▶ _What is needed_
Produce the same data once more, line for line.

▶ _Provided data_

(* Let $D\subset S$ and $A\in\Sigma^D$. Then $\mathcal H_A=\mathcal H^{(D)}_{A(D)}\cap\mathcal H_\pi$.
   Context: Let $\mathcal H$ be a complex Hilbert space. A projection is a bounded self-adjoint idempotent operator; $\wedge_\alpha p_\alpha$ is the projection onto the intersection of ranges. For $\phi\neq0$, $\hat\phi=\phi/\|\phi\|$. Let $S$ be a set; for each $t\in S$ let $\Gamma(t)$ be a countable set and for $a\in\Gamma(t)$ let $p^t_a$ be a projection on $\mathcal H$ with $\sum_{a\in\Gamma(t)}p^t_a=I$ (strong convergence); $p^{t_1,\dots,t_k}_{a_1,\dots,a_k}=\wedge_{i=1}^kp^{t_i}_{a_i}$. For $T\subset S$, let $\pi(T)=\{p^t_a:t\in T,a\in\Gamma(t)\}$ and $\pi=\pi(S)$. A family $\rho$ commutes on $\phi$ if $W\phi=V\phi$ whenever $W,V$ are finite products of elements of $\rho$ with the same factors (with multiplicity) in possibly different orders; $\mathcal H_\rho$ is the set of such $\phi$. Let $\Omega=\prod_{t\in S}\Gamma(t)$, $\Omega(D)=\prod_{t\in D}\Gamma(t)$, $X_t(\omega)=\omega_t$; $\Sigma$ (resp. $\Sigma(D)$) is the σ-algebra on $\Omega$ (resp. $\Omega(D)$) generated by the sets $\{X_t=a\}$, $t\in S$ (resp. $t\in D$); $\Sigma^D$ is the σ-algebra on $\Omega$ generated by $\{X_t:t\in D\}$. For $\phi\in\mathcal H_\pi\setminus\{0\}$, $\mathbb P_\phi$ is the unique probability measure on $(\Omega,\Sigma)$ with $\mathbb P_\phi(X_{t_i}=a_i,\ i\le k)=\|p^{t_1,\dots,t_k}_{a_1,\dots,a_k}\hat\phi\|^2$ for all $t_i\in S$, $a_i$; for $\phi\in\mathcal H_{\pi(D)}\setminus\{0\}$, $\mathbb P^{(D)}_\phi$ is the analogous measure on $(\Omega(D),\Sigma(D))$ for $t_i\in D$. For $A\in\Sigma$, $\mathcal H_A=\{\phi\in\mathcal H_\pi:\phi=0\text{ or }\mathbb P_\phi(A)=1\}$; for $B\in\Sigma(D)$, $\mathcal H^{(D)}_B=\{\phi\in\mathcal H_{\pi(D)}:\phi=0\text{ or }\mathbb P^{(D)}_\phi(B)=1\}$. Every $A\in\Sigma^D$ is $D$-determined (two elements of $\Omega$ with the same restriction to $D$ are both in $A$ or both not), and $A(D)=\{\omega\in\Omega(D):\omega_t=\omega'_t\text{ for all }t\in D\text{ for some }\omega'\in A\}$, which lies in $\Sigma(D)$. *)

theory Defs
  imports "HOL-Probability.Probability"
begin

▶ _Completed task_
(* Let $D\subset S$ and $A\in\Sigma^D$. Then $\mathcal H_A=\mathcal H^{(D)}_{A(D)}\cap\mathcal H_\pi$.
   Context: Let $\mathcal H$ be a complex Hilbert space. A projection is a bounded self-adjoint idempotent operator; $\wedge_\alpha p_\alpha$ is the projection onto the intersection of ranges. For $\phi\neq0$, $\hat\phi=\phi/\|\phi\|$. Let $S$ be a set; for each $t\in S$ let $\Gamma(t)$ be a countable set and for $a\in\Gamma(t)$ let $p^t_a$ be a projection on $\mathcal H$ with $\sum_{a\in\Gamma(t)}p^t_a=I$ (strong convergence); $p^{t_1,\dots,t_k}_{a_1,\dots,a_k}=\wedge_{i=1}^kp^{t_i}_{a_i}$. For $T\subset S$, let $\pi(T)=\{p^t_a:t\in T,a\in\Gamma(t)\}$ and $\pi=\pi(S)$. A family $\rho$ commutes on $\phi$ if $W\phi=V\phi$ whenever $W,V$ are finite products of elements of $\rho$ with the same factors (with multiplicity) in possibly different orders; $\mathcal H_\rho$ is the set of such $\phi$. Let $\Omega=\prod_{t\in S}\Gamma(t)$, $\Omega(D)=\prod_{t\in D}\Gamma(t)$, $X_t(\omega)=\omega_t$; $\Sigma$ (resp. $\Sigma(D)$) is the σ-algebra on $\Omega$ (resp. $\Omega(D)$) generated by the sets $\{X_t=a\}$, $t\in S$ (resp. $t\in D$); $\Sigma^D$ is the σ-algebra on $\Omega$ generated by $\{X_t:t\in D\}$. For $\phi\in\mathcal H_\pi\setminus\{0\}$, $\mathbb P_\phi$ is the unique probability measure on $(\Omega,\Sigma)$ with $\mathbb P_\phi(X_{t_i}=a_i,\ i\le k)=\|p^{t_1,\dots,t_k}_{a_1,\dots,a_k}\hat\phi\|^2$ for all $t_i\in S$, $a_i$; for $\phi\in\mathcal H_{\pi(D)}\setminus\{0\}$, $\mathbb P^{(D)}_\phi$ is the analogous measure on $(\Omega(D),\Sigma(D))$ for $t_i\in D$. For $A\in\Sigma$, $\mathcal H_A=\{\phi\in\mathcal H_\pi:\phi=0\text{ or }\mathbb P_\phi(A)=1\}$; for $B\in\Sigma(D)$, $\mathcal H^{(D)}_B=\{\phi\in\mathcal H_{\pi(D)}:\phi=0\text{ or }\mathbb P^{(D)}_\phi(B)=1\}$. Every $A\in\Sigma^D$ is $D$-determined (two elements of $\Omega$ with the same restriction to $D$ are both in $A$ or both not), and $A(D)=\{\omega\in\Omega(D):\omega_t=\omega'_t\text{ for all }t\in D\text{ for some }\omega'\in A\}$, which lies in $\Sigma(D)$. *)

theory Defs
  imports "HOL-Probability.Probability"
begin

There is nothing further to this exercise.